Corresponds to site of modification.
Fig. 2.
The structure of human gamma S crystallin derived from NMR data, where residue Gly18 was mutated to Val (PDBe 2M3U). Four of the five sites of attachment of DHAGly to Lys that are highlighted (red), occur within unstructured regions with the other site located at the boundary of a structured and unstructured region
Table 1b:
Cys residues of lens proteins that are modified by (DHA)Gly.
| Protein | Site | Peptide | [MH]+exp | [MH]+Cal | Error (ppm) |
|---|---|---|---|---|---|
| βB1-Crystallin | C80 | RAEFSGEC*SNLADR | 1698.7533 | 1698.7500 | 1.95 |
| βB2-Crystallin | C67 | AGSVLVQAGPWVGYEQANC*KGEQFVFEK | 3185.5373 | 3185.5361 | 0.38 |
| βA4-Crystallin | C5 | Ac-TLQC*TK | 879.4243 | 879.4241 | 0.186 |
| βA3-Crystallin | FC*GQQFILER | 1384.6659 | 1384.6678 | 1.34 | |
| γ-crystallin C | C80 | SCC*LIPQTVSHR | 1544.7291 | 1544.7308 | 1.07 |
| Phakinin | C65 | APGVYVGTAPSGC*IGGLGAR | 1946.9732 | 1946.9753 | 1.10 |
Sites were detected by searching tryptic digests of human lenses by LC-MS/MS for sites of missed cleavage that contained + 144.0535 Da on cysteine residues.

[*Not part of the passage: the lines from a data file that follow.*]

lemma psd_eigenvalue_le_quadratic_form:
  fixes B :: "real mat"
  assumes B: "B \<in> carrier_mat n n" and sym: "transpose_mat B = B"
    and psd: "\<And>u. u \<in> carrier_vec n \<Longrightarrow> 0 \<le> u \<bullet> (B *\<^sub>v u)"
    and x: "x \<in> carrier_vec n" and x_unit: "x \<bullet> x = 1"
  shows "\<exists>\<nu>. eigenvalue B \<nu> \<and> 0 \<le> \<nu> \<and> \<nu> \<le> x \<bullet> (B *\<^sub>v x)"
proof -
  define S where "S = (\<lambda>v. v \<bullet> (B *\<^sub>v v)) ` {v \<in> carrier_vec n. v \<bullet> v = 1}"
  define \<nu> where "\<nu> = Inf S"
  have S_ne: "S \<noteq> {}" using x x_unit unfolding S_def by auto
  have S_bdd: "bdd_below S" unfolding S_def bdd_below_def using psd by auto
  have \<nu>_le: "\<nu> \<le> v \<bullet> (B *\<^sub>v v)" if "v \<in> carrier_vec n" "v \<bullet> v = 1" for v
    unfolding \<nu>_def by (rule cInf_lower[OF _ S_bdd]) (use that in \<open>auto simp: S_def\<close>)
  have \<nu>_nonneg: "0 \<le> \<nu>" unfolding \<nu>_def by (rule cInf_greatest[OF S_ne]) (auto simp: S_def psd)
  define C where "C = char_matrix B \<nu>"
  have C: "C \<in> carrier_mat n n" unfolding C_def using B by simp
  have C_sym: "transpose_mat C = C" unfolding C_def by (rule transpose_char_matrix[OF B sym])
  have C_form: "u \<bullet> (C *\<^sub>v u) = u \<bullet> (B *\<^sub>v u) - \<nu> * (u \<bullet> u)" if "u \<in> carrier_vec n" for u
    unfolding C_def using that B by (simp add: char_matrix_mult_vec scalar_prod_minus_distrib[of _ n])
  have C_psd: "0 \<le> u \<bullet> (C *\<^sub>v u)" if "u \<in> carrier_vec n" for u
    using quadratic_form_lower_bound_homogeneous[OF B \<nu>_le that] C_form[OF that] by simp
  have "det C = 0"
  proof (rule ccontr)
    assume "det C \<noteq> 0"
    from det_non_zero_imp_unit[OF C this, of "()"]
    obtain C' where "C' \<in> carrier_mat n n" "C' * C = 1\<^sub>m n"
      unfolding Units_def ring_mat_def by auto
    then obtain c where c: "c > 0" and c_le: "\<And>v. v \<in> carrier_vec n \<Longrightarrow> v \<bullet> v = 1 \<Longrightarrow> c \<le> v \<bullet> (C *\<^sub>v v)"
      using invertible_psd_quadratic_form_bounded_below[OF C C_sym C_psd] by blast
    have "\<nu> + c \<le> Inf S"
    proof (rule cInf_greatest[OF S_ne])
      fix y assume "y \<in> S"
      then obtain v where "v \<in> carrier_vec n" "v \<bullet> v = 1" "y = v \<bullet> (B *\<^sub>v v)" unfolding S_def by auto
      then show "\<nu> + c \<le> y" using c_le C_form by fastforce
    qed
    then show False using c unfolding \<nu>_def by simp
  qed
  then have "eigenvalue B \<nu>" unfolding C_def by (simp add: eigenvalue_det[OF B])
  then show ?thesis using \<nu>_nonneg \<nu>_le[OF x x_unit] by blast
qed
(* Let $M := \langle X \mid R\rangle$ where $R$ is symmetric, and let $N$ be the additive submonoid of $\mathbb{Z}$ generated by $\{|a|-|b| : (a,b)\in R\}$. (1) If $a,b\in\langle X\rangle$ satisfy $a =_M b$, then $|a|-|b| \in N$. (2) Let $a,b \in\langle X\rangle$ be such that $a =_M b$, $|b|<|a|$, and there is no $c \in \mathsf{Z}_M(a)$ with $|b|<|c|<|a|$. Then there exist $e,f \in \langle X\rangle$ with $(e,f)\in R$ and $|a|-|b| \le |e|-|f|$. (3) For every $n \in N$ there exist $a,b\in\langle X\rangle$ with $a =_M b$ and $n = |a|-|b|$. (4) If $N \neq \{0\}$, then $N = d\mathbb{Z}$, where $d = \gcd(N) = \min(\Delta(M)) = \gcd(\Delta(M))$.
   Context: For a set $X$, $\langle X\rangle$ is the free monoid on $X$ (identity $1$); $M=\langle X\mid R\rangle$ is the monoid presented by generators $X$ and relations $R\subseteq\langle X\rangle\times\langle X\rangle$. $R$ is symmetric if $(a,b)\in R$ implies $(b,a)\in R$. For $a,b\in\langle X\rangle$, $a=_M b$ means equal images in $M$; $|a|$ is word length. $\mathsf{Z}_M(a) := \{b\in\langle X\rangle : b =_M a\}$, $\mathsf{L}_M(a) := \{|b| : b\in\mathsf{Z}_M(a)\}$, $\mathcal{L}(M) := \{\mathsf{L}_M(a): a\in\langle X\rangle\}$. For $L\subseteq\mathbb{N}$, $d\in\mathbb{N}^+$ is a distance of $L$ if $[k,k+d]\cap L=\{k,k+d\}$ for some $k\in L$; $\Delta(L)$ is the set of distances of $L$, and $\Delta(M) := \bigcup_{L\in\mathcal{L}(M)}\Delta(L)$. *)

theory Defs
  imports Main
begin

text \<open>Words over the alphabet (the type 'x) are lists; the empty list is the identity 1.
  A presentation is given by a relation R on words.\<close>

definition pres_step :: "('x list \<times> 'x list) set \<Rightarrow> 'x list \<Rightarrow> 'x list \<Rightarrow> bool" where
  "pres_step R u v \<longleftrightarrow> (\<exists>x y a b. (a, b) \<in> R \<and> u = x @ a @ y \<and> v = x @ b @ y)"

definition eqM :: "('x list \<times> 'x list) set \<Rightarrow> 'x list \<Rightarrow> 'x list \<Rightarrow> bool" where
  "eqM R = equivclp (pres_step R)"

definition ZM :: "('x list \<times> 'x list) set \<Rightarrow> 'x list \<Rightarrow> 'x list set" where
  "ZM R a = {b. eqM R b a}"

definition LM :: "('x list \<times> 'x list) set \<Rightarrow> 'x list \<Rightarrow> nat set" where
  "LM R a = length ` ZM R a"

definition distances :: "nat set \<Rightarrow> nat set" where
  "distances L = {d. d > 0 \<and> (\<exists>k\<in>L. {k..k+d} \<inter> L = {k, k+d})}"

definition DeltaM :: "('x list \<times> 'x list) set \<Rightarrow> nat set" where
  "DeltaM R = (\<Union>a. distances (LM R a))"

inductive_set lenN :: "('x list \<times> 'x list) set \<Rightarrow> int set" for R where
  zero: "0 \<in> lenN R"
| add: "(a, b) \<in> R \<Longrightarrow> n \<in> lenN R \<Longrightarrow> int (length a) - int (length b) + n \<in> lenN R"

end

theory Submission
  imports Defs
begin

text \<open>Since R is symmetric, N is closed under negation and hence a subgroup d\<int> of \<int>.
  A single elementary move replaces some e by f with (e, f) \<in> R, so the length
  difference of two equal words is a sum of generators of N; conversely every such
  sum is realised by prepending the relations one at a time. For part (2), follow a
  chain of moves from a to b: at the first move leaving the lengths \<ge> |a|, the new
  word lies in Z(a) with length below |a|, hence at most |b|. For part (4), every
  distance is a difference of lengths in some L(a), hence a positive multiple of d;
  and d itself is a distance, realised by a =_M b with |a| - |b| = d, because no
  length strictly between |b| and |a| can differ from |b| by a multiple of d.\<close>

lemma Gcd_eq_dvd_member:
  fixes a :: "'a :: semiring_Gcd"
  assumes "a \<in> A" "\<And>b. b \<in> A \<Longrightarrow> a dvd b"
  shows "Gcd A = normalize a"
  using assms by (intro Gcd_eqI) (auto intro: dvd_trans)

lemma int_subgroup_eq_Gcd_multiples:
  fixes S :: "int set"
  assumes zero: "0 \<in> S"
    and add: "\<And>x y. x \<in> S \<Longrightarrow> y \<in> S \<Longrightarrow> x + y \<in> S"
    and uminus: "\<And>x. x \<in> S \<Longrightarrow> - x \<in> S"
  shows "S = {Gcd S * k | k. True}"
proof (cases "S \<subseteq> {0}")
  case True
  then have "S = {0}" using zero by blast
  then show ?thesis by simp
next
  case False
  have mult_nat: "int k * x \<in> S" if "x \<in> S" for k x
    by (induction k) (simp_all add: zero add that distrib_right)
  have mult: "k * x \<in> S" if "x \<in> S" for k x
  proof (cases "k \<ge> 0")
    case True
    then show ?thesis using mult_nat[OF that, of "nat k"] by simp
  next
    case False
    then show ?thesis using uminus[OF mult_nat[OF that, of "nat (- k)"]] by simp
  qed
  obtain x where "x \<in> S" "x \<noteq> 0" using False by blast
  then have "int (nat \<bar>x\<bar>) \<in> S \<and> 0 < nat \<bar>x\<bar>"
    using uminus by (cases "x \<ge> 0") auto
  from ex_has_least_nat[of "\<lambda>k. int k \<in> S \<and> 0 < k", OF this, of id]
  obtain m where m: "int m \<in> S" "0 < m"
    and m_least: "\<And>k. int k \<in> S \<Longrightarrow> 0 < k \<Longrightarrow> m \<le> k"
    by auto
  have m_dvd: "int m dvd y" if "y \<in> S" for y
  proof -
    have "y mod int m = y + (- (y div int m)) * int m"
      by (simp add: minus_div_mult_eq_mod)
    then have "y mod int m \<in> S" using add[OF that mult[OF m(1)]] by presburger
    moreover have "0 \<le> y mod int m" "y mod int m < int m" using m(2) by simp_all
    ultimately have "y mod int m = 0"
      using m_least[of "nat (y mod int m)"] by fastforce
    then show ?thesis by (simp add: dvd_eq_mod_eq_0)
  qed
  have "Gcd S = int m" using Gcd_eq_dvd_member[OF m(1) m_dvd] by simp
  moreover have "S = {int m * k | k. True}"
  proof
    show "S \<subseteq> {int m * k | k. True}" using m_dvd by (auto simp: dvd_def)
    show "{int m * k | k. True} \<subseteq> S" using mult[OF m(1)] by (auto simp: mult.commute)
  qed
  ultimately show ?thesis by simp
qed

lemma rtranclp_leaves_predicate:
  assumes "r\<^sup>*\<^sup>* u v" "P u" "\<not> P v"
  shows "\<exists>y z. r\<^sup>*\<^sup>* u y \<and> r y z \<and> P y \<and> \<not> P z"
  using assms
proof (induction rule: rtranclp_induct)
  case base
  then show ?case by simp
next
  case (step y z)
  then show ?case by (cases "P y") (auto intro: rtranclp.rtrancl_into_rtrancl)
qed

lemma distancesD:
  assumes "d \<in> distances L"
  shows "0 < d" "\<exists>k. k \<in> L \<and> k + d \<in> L"
  using assms unfolding distances_def by auto

lemma distancesI:
  assumes "k \<in> L" "k + d \<in> L" "0 < d"
    and dvd_diff: "\<And>j. j \<in> L \<Longrightarrow> k \<le> j \<Longrightarrow> d dvd j - k"
  shows "d \<in> distances L"
proof -
  have "j = k \<or> j = k + d" if "j \<in> L" "k \<le> j" "j \<le> k + d" for j
    using dvd_diff[OF that(1,2)] dvd_imp_le[of d "j - k"] that(2,3) by fastforce
  then have "{k..k + d} \<inter> L = {k, k + d}" using assms(1,2) by fastforce
  then show ?thesis using assms(1,3) unfolding distances_def by blast
qed

lemma eqM_refl: "eqM R a a"
  by (simp add: eqM_def)

lemma eqM_sym: "eqM R a b \<Longrightarrow> eqM R b a"
  by (simp add: eqM_def equivclp_sym)

lemma eqM_trans: "eqM R a b \<Longrightarrow> eqM R b c \<Longrightarrow> eqM R a c"
  unfolding eqM_def by (rule equivclp_trans)

lemma pres_step_imp_eqM: "pres_step R a b \<Longrightarrow> eqM R a b"
  by (simp add: eqM_def r_into_equivclp)

lemma pres_step_append_left: "pres_step R a b \<Longrightarrow> pres_step R (c @ a) (c @ b)"
  unfolding pres_step_def by (metis append.assoc)

lemma eqM_append_left: "eqM R a b \<Longrightarrow> eqM R (c @ a) (c @ b)"
  unfolding eqM_def equivclp_def
proof (induction rule: rtranclp_induct)
  case base
  then show ?case by simp
next
  case (step y z)
  then have "symclp (pres_step R) (c @ y) (c @ z)"
    by (auto simp: symclp_def pres_step_append_left)
  with step.IH show ?case by (meson rtranclp.rtrancl_into_rtrancl)
qed

lemma mem_LM_iff: "n \<in> LM R a \<longleftrightarrow> (\<exists>c. eqM R c a \<and> length c = n)"
  unfolding LM_def ZM_def by auto

lemma symclp_pres_step_eq:
  assumes "sym R"
  shows "symclp (pres_step R) = pres_step R"
proof -
  have "pres_step R b a" if "pres_step R a b" for a b
    using that assms unfolding pres_step_def sym_def by blast
  then show ?thesis by (fastforce simp: symclp_def fun_eq_iff)
qed

lemma eqM_eq_rtranclp: "sym R \<Longrightarrow> eqM R = (pres_step R)\<^sup>*\<^sup>*"
  by (simp add: eqM_def equivclp_def symclp_pres_step_eq)

lemma pres_step_length_diff:
  assumes "pres_step R a b"
  obtains e f where "(e, f) \<in> R" "int (length a) - int (length b) = int (length e) - int (length f)"
  using assms unfolding pres_step_def by force

lemma lenN_generator: "(a, b) \<in> R \<Longrightarrow> int (length a) - int (length b) \<in> lenN R"
  using lenN.add[OF _ lenN.zero] by simp

lemma lenN_add: "m \<in> lenN R \<Longrightarrow> n \<in> lenN R \<Longrightarrow> m + n \<in> lenN R"
proof (induction m rule: lenN.induct)
  case zero
  then show ?case by simp
next
  case (add a b m)
  then show ?case using lenN.add[of a b R "m + n"] by (simp add: add.assoc)
qed

lemma lenN_uminus:
  assumes "sym R" "n \<in> lenN R"
  shows "- n \<in> lenN R"
  using assms(2)
proof (induction n rule: lenN.induct)
  case zero
  then show ?case by (simp add: lenN.zero)
next
  case (add a b n)
  have "(b, a) \<in> R" using add.hyps(1) assms(1) by (meson symD)
  from lenN_add[OF add.IH lenN_generator[OF this]] show ?case by simp
qed

lemma lenN_eq_Gcd_multiples: "sym R \<Longrightarrow> lenN R = {Gcd (lenN R) * k | k. True}"
  by (rule int_subgroup_eq_Gcd_multiples) (auto intro: lenN.zero lenN_add lenN_uminus)

lemma eqM_length_diff_mem_lenN:
  assumes "sym R" "eqM R a b"
  shows "int (length a) - int (length b) \<in> lenN R"
  using assms(2) unfolding eqM_eq_rtranclp[OF assms(1)]
proof (induction rule: rtranclp_induct)
  case base
  then show ?case by (simp add: lenN.zero)
next
  case (step y z)
  obtain e f where "(e, f) \<in> R" "int (length y) - int (length z) = int (length e) - int (length f)"
    using pres_step_length_diff[OF step.hyps(2)] .
  then have "int (length y) - int (length z) \<in> lenN R" using lenN_generator by simp
  from lenN_add[OF step.IH this] show ?case by simp
qed

lemma eqM_length_gap_le_relation_diff:
  assumes "sym R" "eqM R a b" "length b < length a"
    and no_between: "\<not> (\<exists>c\<in>ZM R a. length b < length c \<and> length c < length a)"
  shows "\<exists>e f. (e, f) \<in> R \<and> int (length a) - int (length b) \<le> int (length e) - int (length f)"
proof -
  have "(pres_step R)\<^sup>*\<^sup>* a b" using assms(2) by (simp add: eqM_eq_rtranclp[OF assms(1)])
  then obtain y z where y: "(pres_step R)\<^sup>*\<^sup>* a y" "length a \<le> length y"
    and z: "pres_step R y z" "length z < length a"
    using rtranclp_leaves_predicate[of "pres_step R" a b "\<lambda>w. length a \<le> length w"] assms(3) by auto
  have "eqM R a z"
    using rtranclp.rtrancl_into_rtrancl[OF y(1) z(1)] by (simp add: eqM_eq_rtranclp[OF assms(1)])
  then have "z \<in> ZM R a" by (simp add: ZM_def eqM_sym)
  then have "length z \<le> length b" using no_between z(2) by fastforce
  obtain e f where "(e, f) \<in> R" "int (length y) - int (length z) = int (length e) - int (length f)"
    using pres_step_length_diff[OF z(1)] .
  then show ?thesis using y(2) \<open>length z \<le> length b\<close> by (intro exI[of _ e] exI[of _ f]) auto
qed

lemma lenN_realised_by_eqM:
  "n \<in> lenN R \<Longrightarrow> \<exists>a b. eqM R a b \<and> n = int (length a) - int (length b)"
proof (induction n rule: lenN.induct)
  case zero
  then show ?case using eqM_refl by fastforce
next
  case (add e f n)
  then obtain a b where ab: "eqM R a b" "n = int (length a) - int (length b)" by blast
  have "pres_step R (e @ a) (f @ a)"
    using add.hyps(1) unfolding pres_step_def by (metis append_Nil)
  then have "eqM R (e @ a) (f @ b)"
    using eqM_append_left[OF ab(1)] by (blast intro: eqM_trans pres_step_imp_eqM)
  then show ?case using ab(2) by (intro exI[of _ "e @ a"] exI[of _ "f @ b"]) auto
qed

lemma DeltaM_mem_lenN:
  assumes "sym R" "e \<in> DeltaM R"
  shows "int e \<in> lenN R"
proof -
  obtain a where "e \<in> distances (LM R a)" using assms(2) unfolding DeltaM_def by blast
  then obtain k where "k \<in> LM R a" "k + e \<in> LM R a" using distancesD(2) by blast
  then obtain c c' where c: "eqM R c a" "length c = k" and c': "eqM R c' a" "length c' = k + e"
    unfolding mem_LM_iff by blast
  have "eqM R c' c" using c(1) c'(1) by (meson eqM_sym eqM_trans)
  from eqM_length_diff_mem_lenN[OF assms(1) this] show ?thesis using c(2) c'(2) by simp
qed

lemma Gcd_lenN_mem_DeltaM:
  assumes "sym R" "lenN R \<noteq> {0}"
  shows "nat (Gcd (lenN R)) \<in> DeltaM R"
proof -
  let ?d = "Gcd (lenN R)"
  have N: "lenN R = {?d * k | k. True}" by (rule lenN_eq_Gcd_multiples[OF assms(1)])
  have "?d \<noteq> 0" using assms(2) lenN.zero by auto
  then have d_pos: "0 < ?d" using Gcd_int_greater_eq_0[of "lenN R"] by linarith
  have "?d \<in> lenN R" using N by (auto intro: exI[of _ 1])
  then obtain a b where ab: "eqM R a b" "?d = int (length a) - int (length b)"
    using lenN_realised_by_eqM by blast
  have "nat ?d \<in> distances (LM R a)"
  proof (rule distancesI)
    show "length b \<in> LM R a" using ab(1) eqM_sym mem_LM_iff by blast
    show "length b + nat ?d \<in> LM R a" using ab d_pos eqM_refl mem_LM_iff by fastforce
    show "0 < nat ?d" using d_pos by simp
    fix j assume "j \<in> LM R a" "length b \<le> j"
    then obtain c where c: "eqM R c b" "length c = j" "length b \<le> j"
      using ab(1) eqM_sym eqM_trans mem_LM_iff by meson
    then have "int (j - length b) \<in> lenN R"
      using eqM_length_diff_mem_lenN[OF assms(1) c(1)] by simp
    then have "?d dvd int (j - length b)" using Gcd_dvd by blast
    then show "nat ?d dvd j - length b" using d_pos by (simp add: nat_dvd_iff)
  qed
  then show ?thesis unfolding DeltaM_def by blast
qed

theorem lemma4p2:
  fixes R :: "('x list \<times> 'x list) set"
  assumes "sym R"
  shows "(\<forall>a b. eqM R a b \<longrightarrow> int (length a) - int (length b) \<in> lenN R)
    \<and> (\<forall>a b. eqM R a b \<and> length b < length a
          \<and> \<not> (\<exists>c\<in>ZM R a. length b < length c \<and> length c < length a)
        \<longrightarrow> (\<exists>e f. (e, f) \<in> R \<and>
               int (length a) - int (length b) \<le> int (length e) - int (length f)))
    \<and> (\<forall>n\<in>lenN R. \<exists>a b. eqM R a b \<and> n = int (length a) - int (length b))
    \<and> (lenN R \<noteq> {0} \<longrightarrow>
        (let d = Gcd (lenN R) in
           lenN R = {d * k | k. True}
           \<and> nat d \<in> DeltaM R \<and> (\<forall>e\<in>DeltaM R. nat d \<le> e)
           \<and> d = int (Gcd (DeltaM R))))"
proof -
  have "nat (Gcd (lenN R)) \<le> e" "nat (Gcd (lenN R)) dvd e" if "e \<in> DeltaM R" for e
  proof -
    have "Gcd (lenN R) dvd int e" using DeltaM_mem_lenN[OF assms that] Gcd_dvd by blast
    then show "nat (Gcd (lenN R)) dvd e" by (simp add: nat_dvd_iff)
    moreover have "0 < e" using that distancesD(1) unfolding DeltaM_def by blast
    ultimately show "nat (Gcd (lenN R)) \<le> e" by (rule dvd_imp_le)
  qed
  then show ?thesis
    using eqM_length_diff_mem_lenN[OF assms] eqM_length_gap_le_relation_diff[OF assms]
      lenN_realised_by_eqM lenN_eq_Gcd_multiples[OF assms] Gcd_lenN_mem_DeltaM[OF assms]
      Gcd_eq_dvd_member[of "nat (Gcd (lenN R))" "DeltaM R"]
    by (auto simp: Let_def)
qed

end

Corresponds to site of modification. It should be noted that +273.0961 Da modification corresponding to γ-Glu(DHA)Gly were also observed as these sites.
GSH model studies
To investigate why only (DHA)Gly Lys adducts, and not γ-Glu(DHA)Gly adducts, were detected in the lens, peptide model studies were undertaken. Previous studies have shown the γ-glutamyl bond of GSH to be labile under physiological conditions [5, 12]. The effect of a thioether crosslink compared to a lysinoalanine crosslink on the stability of this bond was examined, S-Me-GSH and γ-Glu(DHA)Gly crosslinked to phenylethylamine, (a lysine mimic), were incubated at physiological pH, and the loss of the Glu was monitored by HPLC. As seen in Fig 3, the effect of the amine linkage on the stability of γ-glutamyl bond was clear; after two days of incubation at 37°C pH 7.0, more than 2% of the bond had been cleaved. By comparison, cleavage of the γ-glutamyl bond in S-Me-GSH was less than 0.1%. In effect, the N-linked γ-Glu(DHA)Gly was ~20 fold less stable than the corresponding S-linked species.
Fig. 3.
Cleavage of the γ-glutamyl bond in N- and S-linked glutathione adducts under physiological conditions. a) Loss of Glu from S-Me-GSH (open circle) and loss of Glu from γ-Glu(DHA)Gly PE crosslink (closed circle) both incubated at pH 7.0, 37°C. The loss of Glu was monitored at 216nm by HLPC. b) Mass spectrum of the (DHA)Gly - PE product generated after incubation of γ-Glu(DHA)Gly - PE. MI = molecular ion.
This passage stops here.